**Task requirements:**
Select all lines holding the word "lambda" from the entries that follow.
▼
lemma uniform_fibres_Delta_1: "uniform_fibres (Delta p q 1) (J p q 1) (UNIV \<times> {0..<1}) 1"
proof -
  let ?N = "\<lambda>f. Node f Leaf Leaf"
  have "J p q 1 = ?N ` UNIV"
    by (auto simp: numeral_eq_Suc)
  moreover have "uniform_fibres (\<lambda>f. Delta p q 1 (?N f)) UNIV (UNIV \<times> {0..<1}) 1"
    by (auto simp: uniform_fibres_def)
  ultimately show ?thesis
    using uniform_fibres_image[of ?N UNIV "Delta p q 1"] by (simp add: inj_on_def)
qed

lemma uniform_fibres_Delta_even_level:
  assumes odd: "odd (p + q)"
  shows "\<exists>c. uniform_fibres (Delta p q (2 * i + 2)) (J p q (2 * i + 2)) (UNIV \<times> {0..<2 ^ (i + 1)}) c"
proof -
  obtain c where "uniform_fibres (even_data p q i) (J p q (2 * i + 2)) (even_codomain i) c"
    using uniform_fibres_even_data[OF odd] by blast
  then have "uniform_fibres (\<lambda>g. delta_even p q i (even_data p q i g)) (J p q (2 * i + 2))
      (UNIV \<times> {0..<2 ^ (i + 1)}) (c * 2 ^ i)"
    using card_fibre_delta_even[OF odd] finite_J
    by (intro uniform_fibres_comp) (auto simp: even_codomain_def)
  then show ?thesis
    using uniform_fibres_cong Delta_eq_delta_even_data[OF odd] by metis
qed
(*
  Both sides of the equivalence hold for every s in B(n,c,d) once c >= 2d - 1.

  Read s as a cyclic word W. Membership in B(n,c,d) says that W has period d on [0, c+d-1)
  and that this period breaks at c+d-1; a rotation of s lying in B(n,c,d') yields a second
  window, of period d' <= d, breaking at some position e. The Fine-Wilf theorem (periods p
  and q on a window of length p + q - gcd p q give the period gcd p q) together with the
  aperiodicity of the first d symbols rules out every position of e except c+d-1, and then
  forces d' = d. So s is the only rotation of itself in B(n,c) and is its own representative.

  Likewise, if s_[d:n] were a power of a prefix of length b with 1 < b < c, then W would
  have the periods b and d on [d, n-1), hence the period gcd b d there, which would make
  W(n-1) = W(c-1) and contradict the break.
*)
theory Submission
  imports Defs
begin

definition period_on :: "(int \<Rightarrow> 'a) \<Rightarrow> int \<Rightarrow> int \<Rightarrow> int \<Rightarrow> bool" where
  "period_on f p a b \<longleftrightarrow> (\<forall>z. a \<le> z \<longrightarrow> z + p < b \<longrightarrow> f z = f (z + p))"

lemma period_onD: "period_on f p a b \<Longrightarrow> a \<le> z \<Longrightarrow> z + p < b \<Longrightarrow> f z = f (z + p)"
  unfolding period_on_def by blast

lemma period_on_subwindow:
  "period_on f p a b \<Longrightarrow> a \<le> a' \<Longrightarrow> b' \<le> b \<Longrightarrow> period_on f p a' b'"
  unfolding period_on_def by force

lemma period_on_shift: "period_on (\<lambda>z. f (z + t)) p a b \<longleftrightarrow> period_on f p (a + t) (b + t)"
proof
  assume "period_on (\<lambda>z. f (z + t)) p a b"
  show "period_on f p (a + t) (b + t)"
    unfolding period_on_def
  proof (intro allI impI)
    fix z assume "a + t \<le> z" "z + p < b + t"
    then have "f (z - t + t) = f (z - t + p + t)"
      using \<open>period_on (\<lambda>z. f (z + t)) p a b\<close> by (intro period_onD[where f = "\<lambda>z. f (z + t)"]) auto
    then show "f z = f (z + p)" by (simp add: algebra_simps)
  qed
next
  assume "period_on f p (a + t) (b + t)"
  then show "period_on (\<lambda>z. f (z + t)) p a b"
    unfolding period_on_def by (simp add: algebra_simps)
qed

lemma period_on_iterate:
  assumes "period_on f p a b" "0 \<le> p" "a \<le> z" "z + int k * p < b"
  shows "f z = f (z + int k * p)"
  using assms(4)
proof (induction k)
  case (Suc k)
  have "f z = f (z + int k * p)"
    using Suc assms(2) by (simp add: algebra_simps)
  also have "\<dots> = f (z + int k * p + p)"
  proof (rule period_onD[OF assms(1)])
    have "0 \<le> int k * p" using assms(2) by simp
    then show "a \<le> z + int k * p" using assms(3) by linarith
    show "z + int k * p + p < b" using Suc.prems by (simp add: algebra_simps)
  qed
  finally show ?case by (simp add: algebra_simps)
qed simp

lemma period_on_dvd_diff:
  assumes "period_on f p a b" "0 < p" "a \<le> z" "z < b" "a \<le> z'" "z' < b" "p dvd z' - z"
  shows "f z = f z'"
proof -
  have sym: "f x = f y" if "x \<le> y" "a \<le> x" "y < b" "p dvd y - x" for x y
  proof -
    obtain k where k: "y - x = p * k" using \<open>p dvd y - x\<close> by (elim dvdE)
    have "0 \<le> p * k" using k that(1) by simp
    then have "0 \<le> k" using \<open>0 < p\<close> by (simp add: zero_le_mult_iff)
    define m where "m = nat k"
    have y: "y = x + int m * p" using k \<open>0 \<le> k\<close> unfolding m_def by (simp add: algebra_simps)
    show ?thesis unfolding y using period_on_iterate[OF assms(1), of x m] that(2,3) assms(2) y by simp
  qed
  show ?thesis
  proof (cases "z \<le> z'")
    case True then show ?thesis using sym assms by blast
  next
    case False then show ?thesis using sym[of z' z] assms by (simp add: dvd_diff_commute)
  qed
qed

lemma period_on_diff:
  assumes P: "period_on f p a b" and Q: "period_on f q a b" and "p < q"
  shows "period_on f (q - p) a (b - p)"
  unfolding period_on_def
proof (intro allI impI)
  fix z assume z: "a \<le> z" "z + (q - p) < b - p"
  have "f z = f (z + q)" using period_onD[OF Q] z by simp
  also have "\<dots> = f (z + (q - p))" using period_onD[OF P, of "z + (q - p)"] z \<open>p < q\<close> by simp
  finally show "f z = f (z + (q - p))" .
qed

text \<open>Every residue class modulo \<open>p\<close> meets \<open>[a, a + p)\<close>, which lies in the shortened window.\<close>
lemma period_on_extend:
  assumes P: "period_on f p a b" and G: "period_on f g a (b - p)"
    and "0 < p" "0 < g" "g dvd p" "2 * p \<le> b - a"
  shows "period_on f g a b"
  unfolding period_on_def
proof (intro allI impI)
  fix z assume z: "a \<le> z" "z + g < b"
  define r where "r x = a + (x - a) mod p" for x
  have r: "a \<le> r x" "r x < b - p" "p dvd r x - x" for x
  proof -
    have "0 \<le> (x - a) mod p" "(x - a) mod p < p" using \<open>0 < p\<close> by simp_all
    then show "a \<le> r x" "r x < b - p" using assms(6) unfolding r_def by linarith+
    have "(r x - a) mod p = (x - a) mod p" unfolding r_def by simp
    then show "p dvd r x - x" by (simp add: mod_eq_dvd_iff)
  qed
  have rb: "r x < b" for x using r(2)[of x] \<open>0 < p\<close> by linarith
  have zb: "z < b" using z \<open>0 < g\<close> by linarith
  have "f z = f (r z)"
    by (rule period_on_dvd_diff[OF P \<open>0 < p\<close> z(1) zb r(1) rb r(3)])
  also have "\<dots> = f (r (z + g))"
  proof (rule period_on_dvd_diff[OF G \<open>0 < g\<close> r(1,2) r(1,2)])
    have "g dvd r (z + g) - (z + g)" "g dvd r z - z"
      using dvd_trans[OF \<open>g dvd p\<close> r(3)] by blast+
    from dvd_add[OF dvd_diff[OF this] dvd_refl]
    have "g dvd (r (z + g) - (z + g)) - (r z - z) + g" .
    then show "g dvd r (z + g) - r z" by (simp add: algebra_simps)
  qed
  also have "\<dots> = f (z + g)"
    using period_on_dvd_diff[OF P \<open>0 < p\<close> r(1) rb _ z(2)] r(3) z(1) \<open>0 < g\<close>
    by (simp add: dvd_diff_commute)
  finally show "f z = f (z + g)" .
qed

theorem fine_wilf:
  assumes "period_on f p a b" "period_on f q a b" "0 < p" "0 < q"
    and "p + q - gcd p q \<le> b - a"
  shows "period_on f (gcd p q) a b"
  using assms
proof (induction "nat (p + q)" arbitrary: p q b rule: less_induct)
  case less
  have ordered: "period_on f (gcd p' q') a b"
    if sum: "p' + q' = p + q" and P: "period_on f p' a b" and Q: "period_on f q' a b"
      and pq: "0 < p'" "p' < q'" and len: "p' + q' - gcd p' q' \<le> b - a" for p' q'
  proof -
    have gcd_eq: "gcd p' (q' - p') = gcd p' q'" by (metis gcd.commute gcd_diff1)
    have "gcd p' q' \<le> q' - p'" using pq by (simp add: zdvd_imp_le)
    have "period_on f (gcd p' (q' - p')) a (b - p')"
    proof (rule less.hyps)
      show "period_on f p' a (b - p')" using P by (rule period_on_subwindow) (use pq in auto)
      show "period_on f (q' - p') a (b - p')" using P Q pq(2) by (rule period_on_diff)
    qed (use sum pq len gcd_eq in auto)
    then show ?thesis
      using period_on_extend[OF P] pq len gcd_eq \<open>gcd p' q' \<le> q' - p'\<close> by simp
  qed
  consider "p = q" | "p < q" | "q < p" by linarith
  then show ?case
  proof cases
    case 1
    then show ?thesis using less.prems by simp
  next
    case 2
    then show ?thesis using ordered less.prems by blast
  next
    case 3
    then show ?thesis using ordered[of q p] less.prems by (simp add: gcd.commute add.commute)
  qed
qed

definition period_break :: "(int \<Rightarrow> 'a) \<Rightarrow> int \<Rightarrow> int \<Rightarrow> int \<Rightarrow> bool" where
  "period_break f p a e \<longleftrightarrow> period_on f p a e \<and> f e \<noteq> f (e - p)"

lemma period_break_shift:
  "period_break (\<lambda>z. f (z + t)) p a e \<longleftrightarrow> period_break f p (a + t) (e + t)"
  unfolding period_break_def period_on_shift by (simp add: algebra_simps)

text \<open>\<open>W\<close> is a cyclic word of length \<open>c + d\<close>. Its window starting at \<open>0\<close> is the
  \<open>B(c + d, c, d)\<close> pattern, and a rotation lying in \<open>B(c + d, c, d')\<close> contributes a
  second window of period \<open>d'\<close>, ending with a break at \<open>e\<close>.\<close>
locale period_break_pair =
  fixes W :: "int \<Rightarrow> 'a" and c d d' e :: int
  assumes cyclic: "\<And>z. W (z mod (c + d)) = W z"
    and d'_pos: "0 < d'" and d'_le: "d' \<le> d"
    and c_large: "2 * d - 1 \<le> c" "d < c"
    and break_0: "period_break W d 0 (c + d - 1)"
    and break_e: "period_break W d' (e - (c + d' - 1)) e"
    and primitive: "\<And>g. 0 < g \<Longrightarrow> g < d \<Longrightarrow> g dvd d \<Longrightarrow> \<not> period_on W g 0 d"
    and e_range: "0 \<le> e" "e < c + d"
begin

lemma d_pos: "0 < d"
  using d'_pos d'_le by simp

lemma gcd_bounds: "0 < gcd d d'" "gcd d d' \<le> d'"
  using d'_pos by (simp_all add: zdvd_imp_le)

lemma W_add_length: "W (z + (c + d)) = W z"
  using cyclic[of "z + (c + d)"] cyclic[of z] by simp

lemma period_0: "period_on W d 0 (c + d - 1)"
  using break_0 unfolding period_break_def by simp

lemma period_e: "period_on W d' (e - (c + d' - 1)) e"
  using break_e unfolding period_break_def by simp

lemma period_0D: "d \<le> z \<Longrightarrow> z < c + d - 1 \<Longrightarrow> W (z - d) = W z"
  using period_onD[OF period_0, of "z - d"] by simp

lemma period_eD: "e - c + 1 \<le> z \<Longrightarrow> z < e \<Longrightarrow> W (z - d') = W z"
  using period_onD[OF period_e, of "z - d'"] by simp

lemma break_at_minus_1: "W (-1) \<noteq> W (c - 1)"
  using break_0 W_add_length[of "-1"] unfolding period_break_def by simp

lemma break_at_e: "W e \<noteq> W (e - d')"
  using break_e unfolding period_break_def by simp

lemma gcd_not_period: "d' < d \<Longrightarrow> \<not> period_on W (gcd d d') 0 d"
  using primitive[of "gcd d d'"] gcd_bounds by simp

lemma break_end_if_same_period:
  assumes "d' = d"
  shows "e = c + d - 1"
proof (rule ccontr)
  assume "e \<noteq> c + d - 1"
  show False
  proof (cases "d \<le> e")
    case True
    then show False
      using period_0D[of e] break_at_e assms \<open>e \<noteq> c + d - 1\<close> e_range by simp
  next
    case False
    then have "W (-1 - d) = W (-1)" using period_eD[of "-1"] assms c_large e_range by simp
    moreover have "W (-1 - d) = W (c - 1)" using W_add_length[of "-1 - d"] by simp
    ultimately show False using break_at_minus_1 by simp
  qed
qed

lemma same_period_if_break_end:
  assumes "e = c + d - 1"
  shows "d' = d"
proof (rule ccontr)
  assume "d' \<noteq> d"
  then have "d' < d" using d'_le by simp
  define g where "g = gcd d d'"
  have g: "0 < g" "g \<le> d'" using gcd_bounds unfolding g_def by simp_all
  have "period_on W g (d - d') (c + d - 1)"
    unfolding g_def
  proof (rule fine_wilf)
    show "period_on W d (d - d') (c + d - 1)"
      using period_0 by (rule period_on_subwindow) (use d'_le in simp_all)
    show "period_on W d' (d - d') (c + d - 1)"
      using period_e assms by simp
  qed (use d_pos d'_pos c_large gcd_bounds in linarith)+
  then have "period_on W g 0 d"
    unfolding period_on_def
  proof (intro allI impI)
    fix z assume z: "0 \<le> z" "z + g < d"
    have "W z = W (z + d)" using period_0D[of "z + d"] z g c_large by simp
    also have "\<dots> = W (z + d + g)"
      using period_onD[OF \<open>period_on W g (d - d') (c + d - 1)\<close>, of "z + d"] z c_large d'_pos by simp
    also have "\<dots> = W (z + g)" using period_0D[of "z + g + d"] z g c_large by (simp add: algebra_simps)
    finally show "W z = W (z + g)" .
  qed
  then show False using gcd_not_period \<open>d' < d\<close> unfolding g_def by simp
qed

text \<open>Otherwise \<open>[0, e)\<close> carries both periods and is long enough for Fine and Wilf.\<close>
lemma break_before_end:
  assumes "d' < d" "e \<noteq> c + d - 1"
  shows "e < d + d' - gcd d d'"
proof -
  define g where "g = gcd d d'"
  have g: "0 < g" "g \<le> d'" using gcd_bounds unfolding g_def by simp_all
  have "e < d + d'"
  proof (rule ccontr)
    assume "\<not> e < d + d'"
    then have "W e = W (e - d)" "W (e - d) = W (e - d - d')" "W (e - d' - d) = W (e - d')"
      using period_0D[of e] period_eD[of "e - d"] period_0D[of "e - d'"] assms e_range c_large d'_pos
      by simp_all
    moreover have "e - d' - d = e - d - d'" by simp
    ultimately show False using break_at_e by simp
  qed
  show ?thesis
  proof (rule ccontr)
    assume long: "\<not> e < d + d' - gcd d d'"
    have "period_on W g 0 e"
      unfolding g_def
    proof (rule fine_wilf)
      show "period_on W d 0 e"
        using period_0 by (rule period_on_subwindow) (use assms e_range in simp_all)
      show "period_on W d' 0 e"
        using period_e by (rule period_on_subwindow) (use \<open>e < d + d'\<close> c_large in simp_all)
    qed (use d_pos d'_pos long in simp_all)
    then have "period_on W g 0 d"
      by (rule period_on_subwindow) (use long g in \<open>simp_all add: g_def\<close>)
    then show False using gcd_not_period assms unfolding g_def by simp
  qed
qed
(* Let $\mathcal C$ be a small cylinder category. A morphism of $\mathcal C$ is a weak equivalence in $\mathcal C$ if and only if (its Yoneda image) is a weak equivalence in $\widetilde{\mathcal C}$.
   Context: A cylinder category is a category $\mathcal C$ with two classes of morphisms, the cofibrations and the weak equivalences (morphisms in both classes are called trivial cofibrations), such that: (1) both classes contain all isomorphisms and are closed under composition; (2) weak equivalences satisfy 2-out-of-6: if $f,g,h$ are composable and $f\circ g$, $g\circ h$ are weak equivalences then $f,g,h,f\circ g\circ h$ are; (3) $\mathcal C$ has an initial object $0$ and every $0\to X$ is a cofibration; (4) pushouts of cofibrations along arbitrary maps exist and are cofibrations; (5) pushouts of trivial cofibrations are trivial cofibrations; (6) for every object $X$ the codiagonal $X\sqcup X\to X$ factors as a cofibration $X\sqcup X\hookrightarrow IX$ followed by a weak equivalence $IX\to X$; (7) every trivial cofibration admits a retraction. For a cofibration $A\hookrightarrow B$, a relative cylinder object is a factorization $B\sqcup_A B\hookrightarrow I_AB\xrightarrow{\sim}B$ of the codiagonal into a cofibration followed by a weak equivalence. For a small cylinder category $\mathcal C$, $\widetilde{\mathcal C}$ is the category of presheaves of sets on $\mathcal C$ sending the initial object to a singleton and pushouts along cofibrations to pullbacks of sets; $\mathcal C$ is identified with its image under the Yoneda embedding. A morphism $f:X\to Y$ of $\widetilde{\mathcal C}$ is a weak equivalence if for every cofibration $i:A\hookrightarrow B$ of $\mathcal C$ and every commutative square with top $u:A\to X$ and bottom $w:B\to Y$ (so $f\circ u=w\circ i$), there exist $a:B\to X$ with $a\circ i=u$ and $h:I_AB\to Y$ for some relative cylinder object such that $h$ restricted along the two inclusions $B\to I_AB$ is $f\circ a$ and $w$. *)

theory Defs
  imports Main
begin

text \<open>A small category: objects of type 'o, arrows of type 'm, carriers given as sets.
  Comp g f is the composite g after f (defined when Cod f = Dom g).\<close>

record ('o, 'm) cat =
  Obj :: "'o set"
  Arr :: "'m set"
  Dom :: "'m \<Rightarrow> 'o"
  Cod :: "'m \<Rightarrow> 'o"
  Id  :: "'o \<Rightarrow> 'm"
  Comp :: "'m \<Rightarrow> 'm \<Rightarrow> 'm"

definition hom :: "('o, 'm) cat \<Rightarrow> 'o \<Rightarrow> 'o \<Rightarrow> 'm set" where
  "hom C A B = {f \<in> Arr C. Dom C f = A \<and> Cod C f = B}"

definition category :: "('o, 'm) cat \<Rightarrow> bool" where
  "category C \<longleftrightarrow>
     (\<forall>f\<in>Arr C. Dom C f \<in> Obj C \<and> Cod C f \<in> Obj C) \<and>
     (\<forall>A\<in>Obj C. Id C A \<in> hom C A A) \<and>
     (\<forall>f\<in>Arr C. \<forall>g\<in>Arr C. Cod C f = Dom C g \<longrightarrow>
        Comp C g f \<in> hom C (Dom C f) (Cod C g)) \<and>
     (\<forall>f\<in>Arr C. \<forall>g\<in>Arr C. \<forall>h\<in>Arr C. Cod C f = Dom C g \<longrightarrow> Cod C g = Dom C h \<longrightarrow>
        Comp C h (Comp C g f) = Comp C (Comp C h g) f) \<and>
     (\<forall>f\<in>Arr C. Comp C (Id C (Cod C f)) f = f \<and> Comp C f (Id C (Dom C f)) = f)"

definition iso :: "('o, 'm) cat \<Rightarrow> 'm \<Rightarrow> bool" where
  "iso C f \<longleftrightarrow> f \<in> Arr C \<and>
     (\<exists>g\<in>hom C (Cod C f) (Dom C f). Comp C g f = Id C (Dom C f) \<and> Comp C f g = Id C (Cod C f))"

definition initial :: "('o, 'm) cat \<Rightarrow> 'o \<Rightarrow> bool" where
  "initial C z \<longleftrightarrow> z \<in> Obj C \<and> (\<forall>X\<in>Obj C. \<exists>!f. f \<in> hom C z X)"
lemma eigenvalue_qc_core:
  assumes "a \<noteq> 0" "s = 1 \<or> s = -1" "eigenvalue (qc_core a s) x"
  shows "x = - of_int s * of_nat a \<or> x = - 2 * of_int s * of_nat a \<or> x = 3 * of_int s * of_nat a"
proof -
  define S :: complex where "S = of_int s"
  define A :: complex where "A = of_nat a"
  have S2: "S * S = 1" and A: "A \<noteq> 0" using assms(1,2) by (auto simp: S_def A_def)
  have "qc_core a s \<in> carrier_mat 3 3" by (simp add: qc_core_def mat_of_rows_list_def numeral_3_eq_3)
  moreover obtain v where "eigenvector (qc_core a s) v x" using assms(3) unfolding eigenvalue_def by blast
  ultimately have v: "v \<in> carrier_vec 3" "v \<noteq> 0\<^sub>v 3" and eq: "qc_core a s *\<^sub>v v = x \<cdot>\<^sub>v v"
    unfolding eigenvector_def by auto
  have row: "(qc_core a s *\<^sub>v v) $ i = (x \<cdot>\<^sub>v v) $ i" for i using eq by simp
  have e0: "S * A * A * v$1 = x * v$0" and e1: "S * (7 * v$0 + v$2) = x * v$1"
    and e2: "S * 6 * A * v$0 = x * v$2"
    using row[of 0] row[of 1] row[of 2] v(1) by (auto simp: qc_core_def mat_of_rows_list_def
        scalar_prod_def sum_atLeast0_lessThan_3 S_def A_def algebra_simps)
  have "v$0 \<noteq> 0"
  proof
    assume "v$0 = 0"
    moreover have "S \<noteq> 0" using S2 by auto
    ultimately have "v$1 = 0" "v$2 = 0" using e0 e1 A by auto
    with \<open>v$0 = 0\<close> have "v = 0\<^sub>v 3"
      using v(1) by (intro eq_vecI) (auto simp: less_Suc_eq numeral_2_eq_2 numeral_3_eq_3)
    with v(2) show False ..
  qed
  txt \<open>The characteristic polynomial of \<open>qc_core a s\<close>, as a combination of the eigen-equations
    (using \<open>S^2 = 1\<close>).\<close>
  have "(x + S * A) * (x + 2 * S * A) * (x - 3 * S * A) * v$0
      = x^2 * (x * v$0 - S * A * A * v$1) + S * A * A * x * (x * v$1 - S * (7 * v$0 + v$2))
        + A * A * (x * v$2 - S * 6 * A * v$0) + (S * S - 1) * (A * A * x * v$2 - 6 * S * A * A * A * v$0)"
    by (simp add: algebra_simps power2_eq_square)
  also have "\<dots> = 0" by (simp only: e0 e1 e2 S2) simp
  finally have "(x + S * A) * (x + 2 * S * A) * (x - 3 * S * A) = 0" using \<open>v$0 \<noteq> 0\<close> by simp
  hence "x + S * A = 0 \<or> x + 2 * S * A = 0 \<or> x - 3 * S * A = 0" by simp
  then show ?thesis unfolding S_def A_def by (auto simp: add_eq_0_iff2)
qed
▲
**Answer section:**
  let ?N = "\<lambda>f. Node f Leaf Leaf"
  moreover have "uniform_fibres (\<lambda>f. Delta p q 1 (?N f)) UNIV (UNIV \<times> {0..<1}) 1"
  then have "uniform_fibres (\<lambda>g. delta_even p q i (even_data p q i g)) (J p q (2 * i + 2))
lemma period_on_shift: "period_on (\<lambda>z. f (z + t)) p a b \<longleftrightarrow> period_on f p (a + t) (b + t)"
  assume "period_on (\<lambda>z. f (z + t)) p a b"
      using \<open>period_on (\<lambda>z. f (z + t)) p a b\<close> by (intro period_onD[where f = "\<lambda>z. f (z + t)"]) auto
  then show "period_on (\<lambda>z. f (z + t)) p a b"
  "period_break (\<lambda>z. f (z + t)) p a e \<longleftrightarrow> period_break f p (a + t) (e + t)"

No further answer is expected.